OSPF Metric Blind Spot — Why 10Gbps and 100Mbps Look Equal
Default OSPF cost=1 on both 10Gbps and transatlantic 100Mbps caused >200ms latency.
- RIP uses Bellman-Ford for distance vector routing with hop count metric
- OSPF uses Dijkstra's SPF for link state routing with cost based on bandwidth
- BGP is a path vector protocol that exchanges reachability and policy attributes
- Convergence: RIP can take minutes (count-to-infinity), OSPF converges in under 10s
- Production insight: metric misconfiguration causes silent suboptimal routing
Imagine your city has thousands of roads and you need to drive a package from New York to Los Angeles. A routing protocol is like a GPS system that every intersection uses to talk to its neighbours — each junction shares what roads it knows about, how congested they are, and updates its map when a road closes. The 'protocol' is just the agreed language all those intersections use to gossip with each other so every driver always takes the best available path.
Every time you load a webpage, your request hops across dozens of routers spanning continents, undersea cables, and data-centres owned by completely different companies. None of those routers were pre-programmed with a static map of the entire internet — that would be impossible to maintain. Instead, they run routing protocols: living, breathing algorithms that continuously discover the network topology, elect the best paths, and heal themselves when links go dark. Understanding this machinery isn't academic; it's what separates an engineer who can debug a production outage from one who just restarts the router and hopes.
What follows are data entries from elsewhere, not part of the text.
theorem proposition2p4:
  fixes \<alpha> \<beta> \<theta> f :: "real \<Rightarrow> real"
  assumes "cost_function \<alpha>" and "cost_function \<beta>" and "cost_function \<theta>"
    and "C1 \<alpha>" and "C1 \<beta>" and "C1 \<theta>"
    and "\<And>x. \<alpha> x + \<beta> x = \<theta> x"
    and "strictly_convex \<theta>"
    and "convex_on UNIV f" and "C1 f" and "bdd_below (range f)"
  shows "\<exists>f1 f2 :: real \<Rightarrow> real.
           convex_on UNIV f1 \<and> convex_on UNIV f2 \<and> C1 f1 \<and> C1 f2 \<and>
           (\<forall>x. f x = f1 x + f2 x) \<and>
           (\<forall>t>0. \<forall>x. hopf_lax \<theta> t f x = hopf_lax \<alpha> t f1 x + hopf_lax \<beta> t f2 x) \<and>
           (\<forall>x. deriv f x \<in> range (deriv \<theta>) \<longrightarrow>
                deriv f1 x = deriv \<alpha> (inv_into UNIV (deriv \<theta>) (deriv f x)))"
proof -
  define P where "P = split_slope (deriv \<alpha>) (deriv \<beta>)"
  have mono: "mono (deriv \<alpha>)" "mono (deriv \<beta>)"
    using cost_function_deriv_mono assms(1,2,4,5) by blast+
  obtain f1 where f1: "\<And>x. (f1 has_real_derivative P (deriv f x)) (at x)"
    and split: "convex_on UNIV f1" "convex_on UNIV (\<lambda>x. f x - f1 x)" "C1 f1" "C1 (\<lambda>x. f x - f1 x)"
    using convex_split_by_slope[OF assms(9,10)] split_slope_mono[OF mono] split_slope_diff_le[OF mono]
    unfolding P_def by blast
  have "deriv \<theta> = (\<lambda>s. deriv \<alpha> s + deriv \<beta> s)"
    using deriv_eq_add_if_C1[OF assms(4,5,7)] by auto
  then have "deriv f1 x = deriv \<alpha> (inv_into UNIV (deriv \<theta>) (deriv f x))"
    if "deriv f x \<in> range (deriv \<theta>)" for x
    using split_slope_eq_inv_into[OF mono] DERIV_imp_deriv[OF f1] that unfolding P_def by simp
  moreover have "hopf_lax \<theta> t f x = hopf_lax \<alpha> t f1 x + hopf_lax \<beta> t (\<lambda>x. f x - f1 x) x"
    if "t > 0" for t x
    using hopf_lax_split_by_split_slope[OF assms f1[unfolded P_def] split(1,2) that] .
  ultimately show ?thesis
    using split by (intro exI[of _ f1] exI[of _ "\<lambda>x. f x - f1 x"]) auto
qed

end
(* Let $\Omega\subset\mathbb{R}^2$ be a connected open set. Let $\Phi(x^1,x^2;\lambda)$ be an invertible $n\times n$ matrix function, smooth in $(x^1,x^2)$ and holomorphic in $\lambda$ near $\lambda_i$ with $\Phi(x;\lambda_i)$ invertible. Let $T(x^1,x^2;\lambda)=\sum_{j=0}^N C_j(x^1,x^2)\lambda^j$ be a matrix polynomial in $\lambda$ with smooth coefficients, such that $\lambda_i$ (a constant) is a simple zero of $\lambda\mapsto\det T(x;\lambda)$ for every $x\in\Omega$. Put $\tilde\Phi=T\Phi$ and suppose that there are matrix functions $\tilde U_k(x;\lambda)$, $k=1,2$, holomorphic in $\lambda$ in a neighbourhood of $\lambda_i$, with $\tilde\Phi_{,k}=\tilde U_k\tilde\Phi$. Then there exists a constant vector $p_i\in\mathbb{C}^n$, $p_i\neq 0$, such that $\tilde\Phi(x;\lambda_i)p_i=0$ and $\tilde\Phi_{,k}(x;\lambda_i)p_i=0$ for $k=1,2$ and all $x\in\Omega$.
   Context: $f_{,k}$ denotes $\partial f/\partial x^k$ with $(x^1,x^2)\in\Omega$. *)

theory Defs
  imports "HOL-Analysis.Analysis"
begin

definition partial_d :: "2 \<Rightarrow> (real^2 \<Rightarrow> 'b::real_normed_vector) \<Rightarrow> real^2 \<Rightarrow> 'b" where
  "partial_d k f x = vector_derivative (\<lambda>t. f (x + t *\<^sub>R axis k 1)) (at 0)"

fun iter_partial :: "2 list \<Rightarrow> (real^2 \<Rightarrow> 'b::real_normed_vector) \<Rightarrow> real^2 \<Rightarrow> 'b" where
  "iter_partial [] f = f"
| "iter_partial (k # ks) f = partial_d k (iter_partial ks f)"

definition smooth_on :: "(real^2) set \<Rightarrow> (real^2 \<Rightarrow> 'b::real_normed_vector) \<Rightarrow> bool" where
  "smooth_on \<Omega> f \<longleftrightarrow>
     (\<forall>ks. continuous_on \<Omega> (iter_partial ks f) \<and>
        (\<forall>x\<in>\<Omega>. \<forall>k. (\<lambda>t. iter_partial ks f (x + t *\<^sub>R axis k 1)) differentiable (at 0)))"

definition mat_holomorphic_on :: "(complex \<Rightarrow> complex^'n^'n) \<Rightarrow> complex set \<Rightarrow> bool" where
  "mat_holomorphic_on F S \<longleftrightarrow> (\<forall>a b. (\<lambda>l. F l $ a $ b) holomorphic_on S)"

definition mat_poly :: "nat \<Rightarrow> (nat \<Rightarrow> complex^'n^'n) \<Rightarrow> complex \<Rightarrow> complex^'n^'n" where
  "mat_poly N C l = (\<chi> a b. \<Sum>j\<le>N. C j $ a $ b * l ^ j)"

end

theory Submission
  imports Defs
begin

text \<open>At \<open>\<lambda> = \<lambda>\<^sub>i\<close> the matrix \<open>M(x) = T(x,\<lambda>\<^sub>i) \<Phi>(x,\<lambda>\<^sub>i)\<close> is singular and its kernel is a line:
  two independent kernel vectors of \<open>T(x,\<lambda>\<^sub>i)\<close> would make \<open>\<lambda>\<^sub>i\<close> a zero of order at least two of
  \<open>det T(x,\<cdot>)\<close>, and \<open>\<Phi>\<close> is invertible. Near any point the line is spanned by a column \<open>Q\<close> of
  the adjugate of \<open>M\<close>. Differentiating \<open>M Q = 0\<close> and using \<open>M\<^sub>,\<^sub>k = U\<^sub>k M\<close> gives \<open>M Q\<^sub>,\<^sub>k = 0\<close>,
  so \<open>Q\<^sub>,\<^sub>k\<close> is parallel to \<open>Q\<close> and the line does not move. On the connected set \<open>\<Omega>\<close> the kernel
  is therefore one fixed line; a spanning vector \<open>p\<close> satisfies \<open>M p = 0\<close> and
  \<open>M\<^sub>,\<^sub>k p = U\<^sub>k M p = 0\<close>.\<close>

section \<open>Linear algebra\<close>

lemma det_eq_0_iff_nontrivial_kernel:
  fixes A :: "'a::field^'n^'n"
  shows "det A = 0 \<longleftrightarrow> (\<exists>p. p \<noteq> 0 \<and> A *v p = 0)"
proof -
  have "det A \<noteq> 0 \<longleftrightarrow> inj ((*v) A)"
    using det_nz_iff_inj_gen[of "(*v) A"] by simp
  also have "\<dots> \<longleftrightarrow> (\<forall>p. A *v p = 0 \<longrightarrow> p = 0)"
    unfolding inj_def by (metis eq_iff_diff_eq_0 matrix_vector_mult_diff_distrib matrix_vector_mult_0_right)
  finally show ?thesis by blast
qed

definition kernel_dim_le_1 :: "'a::field^'n^'n \<Rightarrow> bool" where
  "kernel_dim_le_1 A \<longleftrightarrow> (\<forall>p v. A *v p = 0 \<longrightarrow> p \<noteq> 0 \<longrightarrow> A *v v = 0 \<longrightarrow> (\<exists>c. v = c *s p))"

lemma kernel_dim_le_1_mult_invertible:
  fixes A B :: "'a::field^'n^'n"
  assumes "kernel_dim_le_1 A" and "invertible B"
  shows "kernel_dim_le_1 (A ** B)"
  unfolding kernel_dim_le_1_def
proof (intro allI impI)
  fix p v assume "(A ** B) *v p = 0" "p \<noteq> 0" "(A ** B) *v v = 0"
  obtain B' where B': "B' ** B = mat 1" using \<open>invertible B\<close> unfolding invertible_def by blast
  then have B_cancel: "B' *v (B *v x) = x" for x
    by (simp add: matrix_vector_mul_assoc)
  have "B *v p \<noteq> 0" using \<open>p \<noteq> 0\<close> B_cancel[of p] by auto
  then obtain c where "B *v v = c *s (B *v p)"
    using assms(1) \<open>(A ** B) *v p = 0\<close> \<open>(A ** B) *v v = 0\<close>
    unfolding kernel_dim_le_1_def by (metis matrix_vector_mul_assoc)
  then have "B' *v (B *v v) = B' *v (B *v (c *s p))" by (simp add: vector_scalar_commute)
  then show "\<exists>c. v = c *s p" by (metis B_cancel)
qed

definition adjugate_col :: "'a::comm_ring_1^'n^'n \<Rightarrow> 'n \<Rightarrow> 'a^'n" where
  "adjugate_col A j = (\<chi> k. det (\<chi> i. if i = j then axis k 1 else A $ i))"

lemma matrix_vector_mult_adjugate_col:
  fixes A :: "'a::comm_ring_1^'n^'n"
  shows "A *v adjugate_col A j = det A *s axis j 1"
proof -
  have "(A *v adjugate_col A j) $ r = (det A *s axis j 1) $ r" for r
  proof -
    have "(A *v adjugate_col A j) $ r
        = (\<Sum>k\<in>UNIV. det (\<chi> i. if i = j then A$r$k *s axis k 1 else A $ i))"
      by (simp add: matrix_vector_mult_def adjugate_col_def det_row_mul)
    also have "\<dots> = det (\<chi> i. if i = j then (\<Sum>k\<in>UNIV. A$r$k *s axis k 1) else A $ i)"
      by (rule det_linear_row_sum[symmetric]) simp
    also have "\<dots> = det (\<chi> i. if i = j then A $ r else A $ i)"
      by (simp only: basis_expansion)
    also have "\<dots> = (det A *s axis j 1) $ r"
    proof (cases "r = j")
      case True
      then have "(\<chi> i. if i = j then A $ r else A $ i) = A" by (simp add: vec_eq_iff)
      then show ?thesis using True by (simp add: axis_def)
    next
      case False
      then have "det (\<chi> i. if i = j then A $ r else A $ i) = 0"
        by (intro det_identical_rows[of r j]) (auto simp: row_def vec_eq_iff)
      then show ?thesis using False by (simp add: axis_def)
    qed
    finally show ?thesis .
  qed
  then show ?thesis by (simp add: vec_eq_iff)
qed

lemma sum_mult_matrix_vector:
  fixes A :: "'a::comm_semiring_1^'n^'m"
  shows "(\<Sum>i\<in>UNIV. c $ i * (A *v z) $ i) = (\<Sum>l\<in>UNIV. (c v* A) $ l * z $ l)"
  by (simp add: matrix_vector_mult_def vector_matrix_mult_def sum_distrib_left sum_distrib_right
      mult_ac) (rule sum.swap)
(* Let $\mathcal{Z}=\{(\boldsymbol{z}_i,y_i)\}_{i=1}^{n}$ be labeled representations with $\|\boldsymbol{z}_i\|_2=1$ and labels $y_i\in\{1,\dots,N_C\}$; let $\mathcal{C}_k=\{i: y_i=k\}$ be the set of support samples of class $k$. For each class $k$ let $\boldsymbol{c}_k$ be a prototype representation with $\|\boldsymbol{c}_k\|_2=1$, and for each sample $i$ write $\boldsymbol{c}_i$ for the (expanded) prototype of its class, i.e. the $n$ prototype representations $\{\boldsymbol{c}_i\}_{i=1}^n$ satisfy $\boldsymbol{c}_i=\boldsymbol{c}_{y_i}$. Define \[ \mathcal{L}_{\rm SCE}=-\frac{1}{n}\sum_{i=1}^{n}\log\frac{\exp(\boldsymbol{z}_i^{\top}\boldsymbol{c}_i)}{\sum_{j=1}^{n}\exp(\boldsymbol{z}_i^{\top}\boldsymbol{c}_j)}-\frac{1}{n}\sum_{i=1}^{n}\log\frac{\exp(\boldsymbol{c}_i^{\top}\boldsymbol{z}_i)}{\sum_{j=1}^{n}\exp(\boldsymbol{c}_i^{\top}\boldsymbol{z}_j)}. \] Then \[ \mathcal{L}_{\rm SCE}\ \ge\ -\frac{2}{n}\sum_{i=1}^{n}\boldsymbol{z}_i^{\top}\boldsymbol{c}_i+\frac{2}{n}\sum_{i=1}^{n}\sum_{k=1}^{N_C}\frac{|\mathcal{C}_k|}{n}\boldsymbol{z}_i^{\top}\boldsymbol{c}_k. \]
   Context: In this setting (contrastive prototype–image adaptation), the prototype embeddings are expanded to one row per support sample via $YY^{\top}$ applied to the embeddings, where $Y$ is the one-hot label matrix, so the $i$-th prototype representation is the prototype representation of the class of sample $i$; there are thus $|\mathcal{C}_k|$ identical copies of $\boldsymbol{c}_k$ among $\boldsymbol{c}_1,\dots,\boldsymbol{c}_n$. *)

theory Defs
  imports "HOL-Analysis.Analysis"
begin

text \<open>Samples are indexed by 1..n, classes by 1..NC. z i is the representation of sample i,
  y i its label, c k the prototype of class k; the expanded prototype of sample i is c (y i).\<close>

definition class_set :: "nat \<Rightarrow> (nat \<Rightarrow> nat) \<Rightarrow> nat \<Rightarrow> nat set" where
  "class_set n y k = {i \<in> {1..n}. y i = k}"

definition L_SCE :: "nat \<Rightarrow> (nat \<Rightarrow> real^'d) \<Rightarrow> (nat \<Rightarrow> real^'d) \<Rightarrow> real" where
  "L_SCE n z cc =
     - (1 / real n) * (\<Sum>i=1..n. ln (exp (z i \<bullet> cc i) / (\<Sum>j=1..n. exp (z i \<bullet> cc j))))
     - (1 / real n) * (\<Sum>i=1..n. ln (exp (cc i \<bullet> z i) / (\<Sum>j=1..n. exp (cc i \<bullet> z j))))"

end

theory Submission
  imports Defs
begin

text \<open>Both terms of \<open>L_SCE\<close> are the row-wise softmax cross-entropy of a score matrix
  (once for \<open>z\<^sub>i\<^sup>T c\<^sub>j\<close>, once for its transpose). By convexity of \<open>exp\<close>, the log-sum-exp of a row is at
  least \<open>ln n\<close> plus the row mean, so each term is bounded below by \<open>ln n\<close> minus the mean diagonal
  score plus the mean of all scores. Grouping the columns by class turns the mean of all scores
  into the class-frequency weighted sum; the leftover \<open>2 ln n\<close> is nonnegative.\<close>

lemma ln_sum_exp_ge_mean:
  fixes x :: "'a \<Rightarrow> real"
  assumes "finite A" and "A \<noteq> {}"
  shows "ln (real (card A)) + (\<Sum>j\<in>A. x j) / real (card A) \<le> ln (\<Sum>j\<in>A. exp (x j))"
proof -
  define m where "m = (\<Sum>j\<in>A. x j) / real (card A)"
  have card_pos: "real (card A) > 0"
    using assms by (simp add: card_gt_0_iff)
  have tangent: "exp m * (1 + (x j - m)) \<le> exp (x j)" for j
  proof -
    have "exp m * (1 + (x j - m)) \<le> exp m * exp (x j - m)"
      by (intro mult_left_mono exp_ge_add_one_self) simp
    also have "\<dots> = exp (x j)"
      by (simp add: exp_diff)
    finally show ?thesis .
  qed
  have "(\<Sum>j\<in>A. exp m * (1 + (x j - m))) = exp m * real (card A)"
    using card_pos by (simp add: sum_distrib_left[symmetric] sum.distrib sum_subtractf m_def)
  with tangent have "exp m * real (card A) \<le> (\<Sum>j\<in>A. exp (x j))"
    by (metis sum_mono)
  then have "ln (exp m * real (card A)) \<le> ln (\<Sum>j\<in>A. exp (x j))"
    using card_pos by (intro ln_mono) auto
  then show ?thesis
    using card_pos by (simp add: ln_mult m_def add.commute)
qed

definition softmax_cross_entropy :: "nat \<Rightarrow> (nat \<Rightarrow> nat \<Rightarrow> real) \<Rightarrow> real" where
  "softmax_cross_entropy n s =
     - (1 / real n) * (\<Sum>i=1..n. ln (exp (s i i) / (\<Sum>j=1..n. exp (s i j))))"

lemma L_SCE_eq_softmax_cross_entropy:
  "L_SCE n z cc = softmax_cross_entropy n (\<lambda>i j. z i \<bullet> cc j)
                 + softmax_cross_entropy n (\<lambda>i j. cc i \<bullet> z j)"
  by (simp add: L_SCE_def softmax_cross_entropy_def)

lemma softmax_cross_entropy_ge:
  assumes "n \<ge> 1"
  shows "ln (real n) - (\<Sum>i=1..n. s i i) / real n + (\<Sum>i=1..n. \<Sum>j=1..n. s i j) / (real n)\<^sup>2
           \<le> softmax_cross_entropy n s"
proof -
  have n_pos: "real n > 0"
    using assms by simp
  have row: "ln (real n) + (\<Sum>j=1..n. s i j) / real n - s i i
               \<le> - ln (exp (s i i) / (\<Sum>j=1..n. exp (s i j)))" for i
  proof -
    have "0 < (\<Sum>j=1..n. exp (s i j))"
      using assms by (intro sum_pos) auto
    then have "- ln (exp (s i i) / (\<Sum>j=1..n. exp (s i j))) = ln (\<Sum>j=1..n. exp (s i j)) - s i i"
      by (simp add: ln_div)
    moreover have "ln (real n) + (\<Sum>j=1..n. s i j) / real n \<le> ln (\<Sum>j=1..n. exp (s i j))"
      using ln_sum_exp_ge_mean[of "{1..n}" "s i"] assms by simp
    ultimately show ?thesis
      by linarith
  qed
  have "real n * ln (real n) + (\<Sum>i=1..n. \<Sum>j=1..n. s i j) / real n - (\<Sum>i=1..n. s i i)
          = (\<Sum>i=1..n. ln (real n) + (\<Sum>j=1..n. s i j) / real n - s i i)"
    by (simp add: sum.distrib sum_subtractf sum_divide_distrib)
  also have "\<dots> \<le> (\<Sum>i=1..n. - ln (exp (s i i) / (\<Sum>j=1..n. exp (s i j))))"
    by (intro sum_mono row)
  also have "\<dots> = real n * softmax_cross_entropy n s"
    using n_pos by (simp add: softmax_cross_entropy_def sum_negf)
  finally have "real n * ln (real n) + (\<Sum>i=1..n. \<Sum>j=1..n. s i j) / real n - (\<Sum>i=1..n. s i i)
                  \<le> real n * softmax_cross_entropy n s" .
  then show ?thesis
    using n_pos by (simp add: field_simps power2_eq_square)
qed

lemma sum_over_labels_eq_class_card_sum:
  fixes f :: "nat \<Rightarrow> real"
  assumes "\<And>i. i \<in> {1..n} \<Longrightarrow> y i \<in> {1..NC}"
  shows "(\<Sum>j=1..n. f (y j)) = (\<Sum>k=1..NC. real (card (class_set n y k)) * f k)"
proof -
  have "(\<Sum>j=1..n. f (y j)) = (\<Sum>k=1..NC. \<Sum>j\<in>class_set n y k. f (y j))"
    using assms unfolding class_set_def by (intro sum.group[symmetric]) auto
  also have "\<dots> = (\<Sum>k=1..NC. real (card (class_set n y k)) * f k)"
    by (intro sum.cong refl) (simp add: class_set_def)
  finally show ?thesis .
qed

theorem theorem3:
  fixes n NC :: nat and z :: "nat \<Rightarrow> real^'d" and y :: "nat \<Rightarrow> nat"
    and c :: "nat \<Rightarrow> real^'d"
  assumes "n \<ge> 1"
    and "\<And>i. i \<in> {1..n} \<Longrightarrow> norm (z i) = 1"
    and "\<And>i. i \<in> {1..n} \<Longrightarrow> y i \<in> {1..NC}"
    and "\<And>k. k \<in> {1..NC} \<Longrightarrow> norm (c k) = 1"
  shows "L_SCE n z (\<lambda>i. c (y i)) \<ge>
     - (2 / real n) * (\<Sum>i=1..n. z i \<bullet> c (y i))
     + (2 / real n) * (\<Sum>i=1..n. \<Sum>k=1..NC.
          (real (card (class_set n y k)) / real n) * (z i \<bullet> c k))"
proof -
  define s where "s i j = z i \<bullet> c (y j)" for i j
  define D where "D = (\<Sum>i=1..n. \<Sum>j=1..n. s i j)"
  have n_pos: "real n > 0"
    using assms(1) by simp
  have "L_SCE n z (\<lambda>i. c (y i)) = softmax_cross_entropy n s + softmax_cross_entropy n (\<lambda>i j. s j i)"
    unfolding s_def by (simp add: L_SCE_eq_softmax_cross_entropy inner_commute)
  moreover have "ln (real n) - (\<Sum>i=1..n. s i i) / real n + D / (real n)\<^sup>2 \<le> softmax_cross_entropy n s"
    unfolding D_def by (rule softmax_cross_entropy_ge[OF assms(1)])
  moreover have "ln (real n) - (\<Sum>i=1..n. s i i) / real n + D / (real n)\<^sup>2
                   \<le> softmax_cross_entropy n (\<lambda>i j. s j i)"
    using softmax_cross_entropy_ge[OF assms(1), of "\<lambda>i j. s j i"]
    unfolding D_def sum.swap[of "\<lambda>i j. s j i"] .
  ultimately have "2 * (ln (real n) - (\<Sum>i=1..n. s i i) / real n + D / (real n)\<^sup>2)
                     \<le> L_SCE n z (\<lambda>i. c (y i))"
    by (metis add_mono mult_2)
  moreover have "D / real n = (\<Sum>i=1..n. \<Sum>k=1..NC. (real (card (class_set n y k)) / real n) * (z i \<bullet> c k))"
  proof -
    have "(\<Sum>j=1..n. s i j) = (\<Sum>k=1..NC. real (card (class_set n y k)) * (z i \<bullet> c k))" for i
      unfolding s_def by (rule sum_over_labels_eq_class_card_sum[OF assms(3)])
    then show ?thesis
      unfolding D_def by (simp add: sum_divide_distrib)
  qed
  ultimately have "2 * ln (real n) + (- (2 / real n) * (\<Sum>i=1..n. z i \<bullet> c (y i))
      + (2 / real n) * (\<Sum>i=1..n. \<Sum>k=1..NC. (real (card (class_set n y k)) / real n) * (z i \<bullet> c k)))
        \<le> L_SCE n z (\<lambda>i. c (y i))"
    using n_pos by (simp add: s_def field_simps power2_eq_square)
  moreover have "ln (real n) \<ge> 0"
    using assms(1) by simp
  ultimately show ?thesis
    by linarith
qed

end
lemma fst_walk: "fst (walk l) = l mod k"
proof -
  have "fst (c ! 0) + (k - fst (c ! 0) + l) = k + l"
    using fst_nth_0_lt by simp
  then show ?thesis
    using fst_nth_mod[of "k - fst (c ! 0) + l"] by (simp add: walk_def)
qed

lemma walk_eq_iff: "walk l = walk l' \<longleftrightarrow> l mod m = l' mod m"
  unfolding walk_def using cycle(2) length_pos
  by (simp add: nth_eq_iff_index_eq add_mod_cancel_left_nat)

definition visit :: "nat \<Rightarrow> nat" where
  "visit a = snd (walk (a * k))"

definition visits :: "nat set" where
  "visits = visit ` {..<r}"

lemma walk_visit: "walk (a * k) = (0, visit a)"
  using fst_walk[of "a * k"] by (simp add: visit_def prod_eq_iff)

lemma visit_lt: "visit a < n 0"
  using vert_walk[of "a * k"] by (simp add: walk_visit)

lemma inj_on_visit: "inj_on visit {..<r}"
proof (rule inj_onI)
  fix a b assume "a \<in> {..<r}" "b \<in> {..<r}" "visit a = visit b"
  then have "(a * k) mod m = (b * k) mod m" "a * k < m" "b * k < m"
    using walk_eq_iff[of "a * k" "b * k"] walk_visit length_eq k_pos by auto
  then show "a = b"
    using k_pos by simp
qed

lemma walk_next_visit:
  assumes "a < r"
  shows "walk (a * k + k) = walk (cyclic_shift r a * k)"
proof -
  have "(a * k + k) mod (r * k) = (Suc a * k) mod (r * k)"
    by (simp add: add.commute)
  also have "\<dots> = (Suc a mod r) * k"
    by (rule mod_mult_mult2)
  finally show ?thesis
    unfolding walk_eq_iff length_eq cyclic_shift_def using assms by simp
qed

definition edge_sign :: "nat \<Rightarrow> real" where
  "edge_sign l = sgn (A (fst (walk l)) $$ (snd (walk l), snd (walk (Suc l))))"

lemma prod_edge_sign: "(\<Prod>l<m. edge_sign l) = (-1) ^ neg_edges A c"
proof -
  define x where "x i = A (fst (c ! i)) $$ (snd (c ! i), snd (c ! (Suc i mod m)))" for i
  have "edge_sign l = sgn (x ((k - fst (c ! 0) + l) mod m))" for l
    unfolding edge_sign_def x_def walk_def by (simp add: mod_Suc_eq)
  then have "(\<Prod>l<m. edge_sign l) = (\<Prod>i<m. sgn (x i))"
    using prod_lessThan_add_mod[of "\<lambda>i. sgn (x i)"] by simp
  also have "\<dots> = (-1) ^ card {i\<in>{..<m}. x i < 0}"
    using cycle(3) by (intro prod_sgn_eq_power_card_neg) (auto simp: x_def edge_def)
  also have "{i\<in>{..<m}. x i < 0} = {i. i < m \<and> x i < 0}"
    by auto
  finally show ?thesis
    by (simp add: neg_edges_def x_def)
qed

definition on_walk :: "nat \<Rightarrow> nat \<Rightarrow> nat \<Rightarrow> bool" where
  "on_walk j x y \<longleftrightarrow> (\<exists>l. walk l = (j, x) \<and> snd (walk (Suc l)) = y)"

lemma on_walk_iff: "on_walk (fst (walk l)) (snd (walk l)) y \<longleftrightarrow> y = snd (walk (Suc l))"
proof
  assume "on_walk (fst (walk l)) (snd (walk l)) y"
  then obtain l' where "walk l' = walk l" "snd (walk (Suc l')) = y"
    by (auto simp: on_walk_def)
  then show "y = snd (walk (Suc l))"
    by (metis walk_eq_iff mod_Suc_eq)
qed (metis on_walk_def prod.collapse)

definition perturbed :: "real \<Rightarrow> nat \<Rightarrow> real mat" where
  "perturbed \<epsilon> j = mat (n j) (n (Suc j mod k))
     (\<lambda>(x, y). (if on_walk j x y then 1 else \<epsilon>) * sgn (A j $$ (x, y)))"

lemma perturbed_qual_class: "0 < \<epsilon> \<Longrightarrow> j < k \<Longrightarrow> perturbed \<epsilon> j \<in> qual_class (A j)"
  using dim_A[of j] by (auto simp: qual_class_def perturbed_def sgn_mult)

lemma perturbed_carrier: "j < k \<Longrightarrow> perturbed \<epsilon> j \<in> carrier_mat (n (j mod k)) (n (Suc j mod k))"
  by (simp add: perturbed_def)

lemma cyc_prod_perturbed_carrier: "cyc_prod (n 0) k (perturbed \<epsilon>) \<in> carrier_mat (n 0) (n 0)"
  using cyc_prod_carrier[of k "perturbed \<epsilon>" "\<lambda>j. n (j mod k)"] perturbed_carrier by simp

lemma continuous_on_perturbed_entry:
  "x < n j \<Longrightarrow> y < n (Suc j mod k) \<Longrightarrow> continuous_on UNIV (\<lambda>\<epsilon>. perturbed \<epsilon> j $$ (x, y))"
  by (cases "on_walk j x y") (auto simp: perturbed_def intro!: continuous_intros)

lemma perturbed_zero_walk_entry:
  assumes "y < n (Suc (fst (walk l)) mod k)"
  shows "perturbed 0 (fst (walk l)) $$ (snd (walk l), y) =
    (if y = snd (walk (Suc l)) then edge_sign l else 0)"
  using assms vert_walk[of l] by (auto simp: perturbed_def on_walk_iff edge_sign_def)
The core problem routing protocols solve is dynamic reachability at scale. A static route you add manually works fine for a lab with five subnets. It collapses the moment a link fails or a new site comes online, because nothing automatically redistributes that knowledge. Routing protocols replace human intervention with distributed consensus — every router converges on the same view of the network without a central coordinator, and they do it in seconds or milliseconds depending on the protocol.
By the end of this article you'll understand exactly how Bellman-Ford powers RIP and why it causes count-to-infinity, how Dijkstra's SPF algorithm inside OSPF builds a loop-free topology, why BGP is a policy engine masquerading as a routing protocol, and how to reason about convergence time and route selection in production networks. You'll also walk away with concrete Python simulations you can run locally to watch these algorithms think.
Where Routing Protocols Fit in Networking
Every router maintains a routing table — the list of every destination network it knows about and how to reach it. But routers don't build that table by magic. They rely on routing protocols to dynamically discover paths, adapt to failures, and distribute reachability across an autonomous system or the entire internet.
The distinction between routing protocols and routed protocols is crucial for production thinking. Routed protocols like IP carry user data. Routing protocols like OSPF, BGP, and RIP carry routing information between routers. If the routing protocol goes down, the IP traffic doesn't necessarily stop — the routers still have stale routes until they time out. That stale state is a common root cause of traffic blackholes.
RIP — Distance Vector Routing and Its Production Limits
RIP (Routing Information Protocol) is the simplest routing protocol. Every router sends its entire routing table to neighbours every 30 seconds. Each route carries a hop count — a metric that counts how many routers you must cross to reach the destination. The maximum is 15 hops; 16 means unreachable.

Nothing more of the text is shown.